(2733) 憲法と私2017/08/20 02:37

ここの処, 安倍サンが強く掲げている 「改憲」 論議が少し勢いを失っている. その是非は, 人により様々であろう.

脳科学者の中野 信子さん (東日本国際大学教授) が, 以前, 日経の連載コラム 「憲法と私」 欄で, なかなか興味ある意見を述べておられた. (以下引用)

私自身は憲法に不便を感じた事はありません.

憲法によって基本的人権が尊重され, 極端な格差のない社会が維持されたのは素晴らしい事です.

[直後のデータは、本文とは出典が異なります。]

(* Let $G=(V,E)$ be a finite connected graph with boundary $\partial G\subset V$, let $\alpha\in\Pi(\partial G)$, $p\in[0,1]$, $q>0$. Let $\widetilde E\subset E$ be such that for every $e\in\widetilde E$ there exists a path in $G\cup\alpha$ connecting the two endpoints of $e$ and using only edges of $E\setminus\widetilde E$. Let $\Gamma_{\widetilde E}(e)$ be the collection of such paths, and for $e\in\widetilde E$ set \[\widetilde\varepsilon_e:=|p'-p|\;\mathbb P^G_{\min(p,p')}\big(\exists\gamma\in\Gamma_{\widetilde E}(e)\text{ such that all edges of }\gamma\text{ are open}\big).\] Then: (1) if $p<p'$, then $\phi^\alpha_{G,p,q}\preceq\mathbb P^G_{(p'-\widetilde\varepsilon_e\mathbf 1_{e\in\widetilde E})_e}$; (2) if $p>p'$, then $\mathbb P^G_{(p'+\widetilde\varepsilon_e\mathbf 1_{e\in\widetilde E})_e}\preceq\phi^\alpha_{G,p,q}$.
   Context: Configurations are $\omega\in\{0,1\}^E$; an edge $e$ is open if $\omega(e)=1$, closed otherwise. $\Pi(\partial G)$ denotes the set of partitions of $\partial G$; vertices in the same block of $\alpha$ are called wired. $G\cup\alpha$ is the (multi)graph obtained from $G$ by identifying wired vertices. $k(\omega,\alpha)$ is the number of connected components of the graph with vertex set $V$ and edge set the open edges of $\omega$, after identifying wired vertices. The FK measure is $\phi^\alpha_{G,p,q}(\omega)=Z^{-1}\big(\prod_{e\in E}p^{\omega(e)}(1-p)^{1-\omega(e)}\big)q^{k(\omega,\alpha)}$. Set $p':=\frac{p}{p+q(1-p)}$. $\mathbb P^G_{(p_e)}$ is the product measure on $\{0,1\}^E$ where edge $e$ is open independently with probability $p_e$ ($\mathbb P^G_s$ when $p_e\equiv s$). $\mu\preceq\mu'$ means $\mu(A)\le\mu'(A)$ for all increasing events $A$. *)

theory Defs
  imports Complex_Main "HOL-Library.Disjoint_Sets"
begin

text \<open>Configurations omega in {0,1}^E are represented by the set
of open edges (a subset of E). alpha is a partition of the boundary.\<close>

definition graph_connected :: "'v set \<Rightarrow> 'e set \<Rightarrow> ('e \<Rightarrow> 'v \<times> 'v) \<Rightarrow> bool" where
  "graph_connected V E ends \<longleftrightarrow>
     (\<forall>u\<in>V. \<forall>v\<in>V. (u, v) \<in> {(x, y). \<exists>e\<in>E. ends e = (x, y) \<or> ends e = (y, x)}\<^sup>*)"

text \<open>The vertex of G \<union> alpha represented by v: its block if v is wired, else {v}.\<close>
definition wcls :: "'v set set \<Rightarrow> 'v \<Rightarrow> 'v set" where
  "wcls \<alpha> v = (if \<exists>b\<in>\<alpha>. v \<in> b then (THE b. b \<in> \<alpha> \<and> v \<in> b) else {v})"

definition walk_GA :: "'v set \<Rightarrow> 'v set set \<Rightarrow> ('e \<Rightarrow> 'v \<times> 'v) \<Rightarrow> 'e set \<Rightarrow> 'v \<Rightarrow> 'v \<Rightarrow> 'e list \<Rightarrow> bool" where
  "walk_GA V \<alpha> ends F x y es \<longleftrightarrow>
     (\<exists>vs. length vs = Suc (length es) \<and> set vs \<subseteq> V \<and> set es \<subseteq> F \<and>
        wcls \<alpha> (hd vs) = wcls \<alpha> x \<and> wcls \<alpha> (last vs) = wcls \<alpha> y \<and>
        (\<forall>i<length es. {wcls \<alpha> (fst (ends (es ! i))), wcls \<alpha> (snd (ends (es ! i)))}
                         = {wcls \<alpha> (vs ! i), wcls \<alpha> (vs ! Suc i)}))"

definition Gamma :: "'v set \<Rightarrow> 'e set \<Rightarrow> ('e \<Rightarrow> 'v \<times> 'v) \<Rightarrow> 'v set set \<Rightarrow> 'e set \<Rightarrow> 'e \<Rightarrow> 'e list set" where
  "Gamma V E ends \<alpha> Et e = {es. walk_GA V \<alpha> ends (E - Et) (fst (ends e)) (snd (ends e)) es}"

definition num_clusters :: "'v set \<Rightarrow> ('e \<Rightarrow> 'v \<times> 'v) \<Rightarrow> 'v set set \<Rightarrow> 'e set \<Rightarrow> nat" where
  "num_clusters V ends \<alpha> \<omega> = card (V // ((Id_on V \<union>
      {(u, v). u \<in> V \<and> v \<in> V \<and> ((\<exists>e\<in>\<omega>. ends e = (u, v) \<or> ends e = (v, u)) \<or> (\<exists>b\<in>\<alpha>. u \<in> b \<and> v \<in> b))})\<^sup>*))"

definition fk_weight :: "'v set \<Rightarrow> 'e set \<Rightarrow> ('e \<Rightarrow> 'v \<times> 'v) \<Rightarrow> 'v set set \<Rightarrow> real \<Rightarrow> real \<Rightarrow> 'e set \<Rightarrow> real" where
  "fk_weight V E ends \<alpha> p q \<omega> =
     (\<Prod>e\<in>E. if e \<in> \<omega> then p else 1 - p) * q ^ num_clusters V ends \<alpha> \<omega>"

definition fk_prob :: "'v set \<Rightarrow> 'e set \<Rightarrow> ('e \<Rightarrow> 'v \<times> 'v) \<Rightarrow> 'v set set \<Rightarrow> real \<Rightarrow> real \<Rightarrow> 'e set set \<Rightarrow> real" where
  "fk_prob V E ends \<alpha> p q A =
     (\<Sum>\<omega>\<in>A. fk_weight V E ends \<alpha> p q \<omega>) / (\<Sum>\<omega>\<in>Pow E. fk_weight V E ends \<alpha> p q \<omega>)"

definition prod_prob :: "'e set \<Rightarrow> ('e \<Rightarrow> real) \<Rightarrow> 'e set set \<Rightarrow> real" where
  "prod_prob E pe A = (\<Sum>\<omega>\<in>A. \<Prod>e\<in>E. if e \<in> \<omega> then pe e else 1 - pe e)"

definition increasing_event :: "'e set \<Rightarrow> 'e set set \<Rightarrow> bool" where
  "increasing_event E A \<longleftrightarrow> A \<subseteq> Pow E \<and> (\<forall>\<omega>\<in>A. \<forall>\<omega>'. \<omega> \<subseteq> \<omega>' \<and> \<omega>' \<subseteq> E \<longrightarrow> \<omega>' \<in> A)"

definition stoch_le :: "'e set \<Rightarrow> ('e set set \<Rightarrow> real) \<Rightarrow> ('e set set \<Rightarrow> real) \<Rightarrow> bool" where
  "stoch_le E \<mu> \<nu> \<longleftrightarrow> (\<forall>A. increasing_event E A \<longrightarrow> \<mu> A \<le> \<nu> A)"

end

theory Submission
  imports Defs
begin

なし崩し的な解釈改憲は危ういと感じますが, 何事も社会の変化に応じた見直しは当然, 必要と思います.

集団的自衛権を認める安全保障関連法の議論では, 憲法違反か如何かが焦点になりました.

賛成派, 反対派ともに立場を共有する人のみの思考空間が作られ, 考えが異なる人と意見を交わすこと自体が糾弾されかねない雰囲気が生まれました.

建設的な議論が必要なのに, 内容よりも立場が優先されがちな状況に, 多くの人は失望と落胆を感じたのではないでしょうか.

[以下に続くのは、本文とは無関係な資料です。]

lemma rep_act_transpose_comp_polytabloid:
  assumes tau: "is_tableau N lam \<tau>" and \<sigma>: "\<sigma> permutes {1..N}"
    and ab: "a \<in> {1..N}" "b \<in> {1..N}" "a \<noteq> b"
    and col: "snd (inv_into (young_cells lam) \<tau> (inv \<sigma> a)) = snd (inv_into (young_cells lam) \<tau> (inv \<sigma> b))"
  shows "rep_act (Transposition.transpose a b \<circ> \<sigma>) (polytabloid N lam \<tau>)
    = - rep_act \<sigma> (polytabloid N lam \<tau>)"
proof
  fix r
  have "inv \<sigma> a \<in> {1..N}" "inv \<sigma> b \<in> {1..N}" "inv \<sigma> a \<noteq> inv \<sigma> b"
    using ab permutes_in_image[OF permutes_inv[OF \<sigma>]] permutes_inv_eq[OF \<sigma>] by auto
  moreover have "Transposition.transpose a b \<circ> \<sigma> = \<sigma> \<circ> Transposition.transpose (inv \<sigma> a) (inv \<sigma> b)"
    using transpose_comp_eq[OF permutes_bij[OF \<sigma>]] .
  ultimately show "rep_act (Transposition.transpose a b \<circ> \<sigma>) (polytabloid N lam \<tau>) r
      = (- rep_act \<sigma> (polytabloid N lam \<tau>)) r"
    using polytabloid_comp_transpose[OF tau _ _ _ col, of "r \<circ> \<sigma>"]
    unfolding rep_act_def by (simp add: comp_assoc)
qed

lemma act_matching_comp: "act_matching (p \<circ> q) M = act_matching p (act_matching q M)"
  unfolding act_matching_def by (simp add: image_image image_comp)

lemma act_matching_in_matchings:
  assumes p: "p permutes {1..2*n}" and M: "M \<in> matchings n"
  shows "act_matching p M \<in> matchings n"
proof -
  have inj: "inj p"
    using p by (simp add: permutes_inj)
  have edges: "M \<subseteq> edges_K n" and unique: "\<forall>k\<in>{1..2*n}. \<exists>!e. e \<in> M \<and> k \<in> e"
    using M unfolding matchings_def by auto
  have "p ` e \<in> edges_K n" if "e \<in> M" for e
  proof -
    have "e \<subseteq> {1..2*n}" "card e = 2"
      using edges that unfolding edges_K_def by auto
    then show ?thesis
      using permutes_image[OF p] inj unfolding edges_K_def
      by (metis (mono_tags, lifting) card_image image_mono inj_on_subset mem_Collect_eq subset_UNIV)
  qed
  then have "act_matching p M \<subseteq> edges_K n"
    unfolding act_matching_def by blast
  moreover have "\<exists>!e'. e' \<in> act_matching p M \<and> k \<in> e'" if k: "k \<in> {1..2*n}" for k
  proof -
    have "inv p k \<in> {1..2*n}"
      using permutes_in_image[OF permutes_inv[OF p]] k by blast
    then obtain e where e: "e \<in> M" "inv p k \<in> e"
      and uq: "\<And>e'. e' \<in> M \<Longrightarrow> inv p k \<in> e' \<Longrightarrow> e' = e"
      using unique by metis
    have mem: "k \<in> p ` e' \<longleftrightarrow> inv p k \<in> e'" for e'
      using inj permutes_inverses(1)[OF p] by (metis image_iff inv_f_f)
    show ?thesis
    proof (rule ex1I[of _ "p ` e"])
      show "p ` e \<in> act_matching p M \<and> k \<in> p ` e"
        using e mem unfolding act_matching_def by blast
      show "e' = p ` e" if "e' \<in> act_matching p M \<and> k \<in> e'" for e'
        using that mem uq unfolding act_matching_def by blast
    qed
  qed
  ultimately show ?thesis
    unfolding matchings_def by blast
qed

lemma indicator_family_act_transpose:
  assumes ab: "a \<in> {1..2*n}" "b \<in> {1..2*n}" and T: "\<forall>e\<in>T. a \<in> e \<longleftrightarrow> b \<in> e"
  shows "indicator (family n T) (act_matching (Transposition.transpose a b) M)
    = (indicator (family n T) M :: real)"
proof -
  let ?s = "Transposition.transpose a b"
  have s: "?s permutes {1..2*n}"
    using ab by (simp add: permutes_swap_id)
  have involution: "act_matching ?s (act_matching ?s M) = M"
    unfolding act_matching_comp[symmetric] by (simp add: act_matching_def)
  have mem: "X \<in> act_matching ?s M \<longleftrightarrow> ?s ` X \<in> M" for X
  proof
    assume "X \<in> act_matching ?s M"
    then obtain Y where "Y \<in> M" "X = ?s ` Y"
      unfolding act_matching_def by auto
    then show "?s ` X \<in> M"
      by (simp add: image_comp)
  next
    assume "?s ` X \<in> M"
    moreover have "X = ?s ` (?s ` X)"
      by (simp add: image_comp)
    ultimately show "X \<in> act_matching ?s M"
      unfolding act_matching_def by blast
  qed
  have "T \<subseteq> act_matching ?s M \<longleftrightarrow> T \<subseteq> M"
    using mem T by auto
  moreover have "act_matching ?s M \<in> matchings n \<longleftrightarrow> M \<in> matchings n"
    using act_matching_in_matchings[OF s, of M] act_matching_in_matchings[OF s, of "act_matching ?s M"]
      involution by auto
  ultimately show ?thesis
    unfolding indicator_def family_def by simp
qed

lemma lift_indicator_family_transpose_comp:
  assumes "a \<in> {1..2*n}" "b \<in> {1..2*n}" "\<forall>e\<in>T. a \<in> e \<longleftrightarrow> b \<in> e"
  shows "lift n (indicator (family n T)) (Transposition.transpose a b \<circ> \<sigma>)
    = lift n (indicator (family n T)) \<sigma>"
  unfolding lift_def act_matching_comp using indicator_family_act_transpose[OF assms] .

definition fourier_sum :: "nat \<Rightarrow> (nat set set \<Rightarrow> real) \<Rightarrow> ((nat \<Rightarrow> nat) \<Rightarrow> real) \<Rightarrow> (nat \<Rightarrow> nat) \<Rightarrow> real"
  where "fourier_sum n f v r = (\<Sum>\<sigma>\<in>{\<sigma>. \<sigma> permutes {1..2*n}}. lift n f \<sigma> * rep_act \<sigma> v r)"

lemma bij_betw_tableau_inv_comp:
  assumes "is_tableau N lam \<tau>" "\<sigma> permutes {1..N}"
  shows "bij_betw (\<lambda>k. inv_into (young_cells lam) \<tau> (inv \<sigma> k)) {1..N} (young_cells lam)"
  using bij_betw_trans[OF permutes_imp_bij[OF permutes_inv[OF assms(2)]]
      bij_betw_inv_into[OF assms(1)[unfolded is_tableau_def]]]
  by (simp add: comp_def)

lemma fourier_sum_indicator_family_polytabloid:
  assumes nt: "2 * t < n" and TE: "T \<subseteq> edges_K n" and cT: "card T = t"
    and disj: "\<forall>e\<in>T. \<forall>e'\<in>T. e \<noteq> e' \<longrightarrow> e \<inter> e' = {}"
    and part: "is_partition (2*n) \<rho>" and less: "part_less \<rho> (2 * (n - t) # replicate t 2)"
    and tau: "is_tableau (2*n) \<rho> \<tau>"
  shows "fourier_sum n (indicator (family n T)) (polytabloid (2*n) \<rho> \<tau>) r = 0"
proof -
  let ?S = "{\<sigma>. \<sigma> permutes {1..2*n}}"
  define col where "col \<sigma> k = snd (inv_into (young_cells \<rho>) \<tau> (inv \<sigma> k))"
    for \<sigma> :: "nat \<Rightarrow> nat" and k
  define good where "good \<sigma> a b \<longleftrightarrow> a \<in> {1..2*n} \<and> b \<in> {1..2*n} \<and> a \<noteq> b \<and>
    (\<forall>e\<in>T. a \<in> e \<longleftrightarrow> b \<in> e) \<and> col \<sigma> a = col \<sigma> b" for \<sigma> a b
  define a where "a \<sigma> = fst (SOME p. good \<sigma> (fst p) (snd p))" for \<sigma>
  define b where "b \<sigma> = snd (SOME p. good \<sigma> (fst p) (snd p))" for \<sigma>
  define swap where "swap \<sigma> = Transposition.transpose (a \<sigma>) (b \<sigma>)" for \<sigma>
  have good: "good \<sigma> (a \<sigma>) (b \<sigma>)" if "\<sigma> \<in> ?S" for \<sigma>
  proof -
    have "sorted (rev \<rho>)"
      using part unfolding is_partition_def by blast
    moreover have "bij_betw (\<lambda>k. inv_into (young_cells \<rho>) \<tau> (inv \<sigma> k)) {1..2*n} (young_cells \<rho>)"
      using bij_betw_tableau_inv_comp[OF tau] that by simp
    ultimately obtain x y where "x \<in> {1..2*n}" "y \<in> {1..2*n}" "x \<noteq> y" "\<forall>e\<in>T. x \<in> e \<longleftrightarrow> y \<in> e"
      "col \<sigma> x = col \<sigma> y"
      using exists_column_pair_in_same_class[OF nt TE cT disj _ less] unfolding col_def bij_betw_def
      by (metis order_refl)
    then have "\<exists>p. good \<sigma> (fst p) (snd p)"
      unfolding good_def by (intro exI[of _ "(x, y)"]) simp
    then show ?thesis
      unfolding a_def b_def by (rule someI_ex)
  qed
  \<comment> \<open>swap depends on sigma only through col sigma, which it preserves, so
     composing with swap is an involution.\<close>
  have col_swap: "col (swap \<sigma> \<circ> \<sigma>) = col \<sigma>" if "\<sigma> \<in> ?S" for \<sigma>
  proof
    fix k
    have "inv (swap \<sigma> \<circ> \<sigma>) = inv \<sigma> \<circ> swap \<sigma>"
      using that unfolding swap_def by (simp add: o_inv_distrib permutes_bij)
    then show "col (swap \<sigma> \<circ> \<sigma>) k = col \<sigma> k"
      using good[OF that] unfolding col_def good_def swap_def
      by (cases "k = a \<sigma>"; cases "k = b \<sigma>") auto
  qed
  show ?thesis
    unfolding fourier_sum_def
  proof (rule sum_involution_eq_0[where h = "\<lambda>\<sigma>. swap \<sigma> \<circ> \<sigma>"])
    fix \<sigma> assume \<sigma>: "\<sigma> \<in> ?S"
    have abP: "a \<sigma> \<in> {1..2*n}" "b \<sigma> \<in> {1..2*n}" "a \<sigma> \<noteq> b \<sigma>" "\<forall>e\<in>T. a \<sigma> \<in> e \<longleftrightarrow> b \<sigma> \<in> e"
      "col \<sigma> (a \<sigma>) = col \<sigma> (b \<sigma>)"
      using good[OF \<sigma>] unfolding good_def by auto
    show "swap \<sigma> \<circ> \<sigma> \<in> ?S"
      using \<sigma> abP unfolding swap_def by (simp add: permutes_compose permutes_swap_id)
    show "swap (swap \<sigma> \<circ> \<sigma>) \<circ> (swap \<sigma> \<circ> \<sigma>) = \<sigma>"
      using col_swap[OF \<sigma>] unfolding swap_def a_def b_def good_def
      by (simp add: comp_assoc[symmetric])
    show "swap \<sigma> \<circ> \<sigma> \<noteq> \<sigma>"
    proof
      assume "swap \<sigma> \<circ> \<sigma> = \<sigma>"
      then have "swap \<sigma> (\<sigma> (inv \<sigma> (a \<sigma>))) = \<sigma> (inv \<sigma> (a \<sigma>))"
        by (metis comp_apply)
      then show False
        using abP(3) permutes_inverses(1)[of \<sigma>] \<sigma> unfolding swap_def by simp
    qed
    show "lift n (indicator (family n T)) (swap \<sigma> \<circ> \<sigma>) * rep_act (swap \<sigma> \<circ> \<sigma>) (polytabloid (2*n) \<rho> \<tau>) r
      + lift n (indicator (family n T)) \<sigma> * rep_act \<sigma> (polytabloid (2*n) \<rho> \<tau>) r = 0"
      using lift_indicator_family_transpose_comp[OF abP(1,2,4)]
        rep_act_transpose_comp_polytabloid[OF tau _ abP(1-3)] abP(5) \<sigma>
      unfolding col_def swap_def by simp
  qed
qed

脳内物質の特性からみると, 日本には共同体意識が強く, 余所者や逸脱者を排除しようと攻撃する傾向の強い人が他国より多くいます.

前例を覆したり, 自ら意思決定したりする事を好まない遺伝的資質の人も多数派です.

集団になると, 他人の顔色を窺うあまり, 異論を言えなくなったり, 逆に主張の強い人に引きずられて極端に過激になったりする現象が知られています.

私たちの様な特徴を持った共同体では特にこうした現象が強く起こります.

その結果, 誰にも望ましくない政治決定がなされてしまう事態を危惧しています.

改憲論議を始める時, まず私たち自身が自らの弱点をよく知らねばなりません. それが最重要の課題と思います. (引用終り)

戦後 72 年, 曲がりなりにも "平和" を享受出来たのは, 偏に, 平和憲法があったからである.

然し, 北朝鮮のミサイル開発, 中国の領土拡大策などを初めとし, 日本を取り巻く環境は激変している.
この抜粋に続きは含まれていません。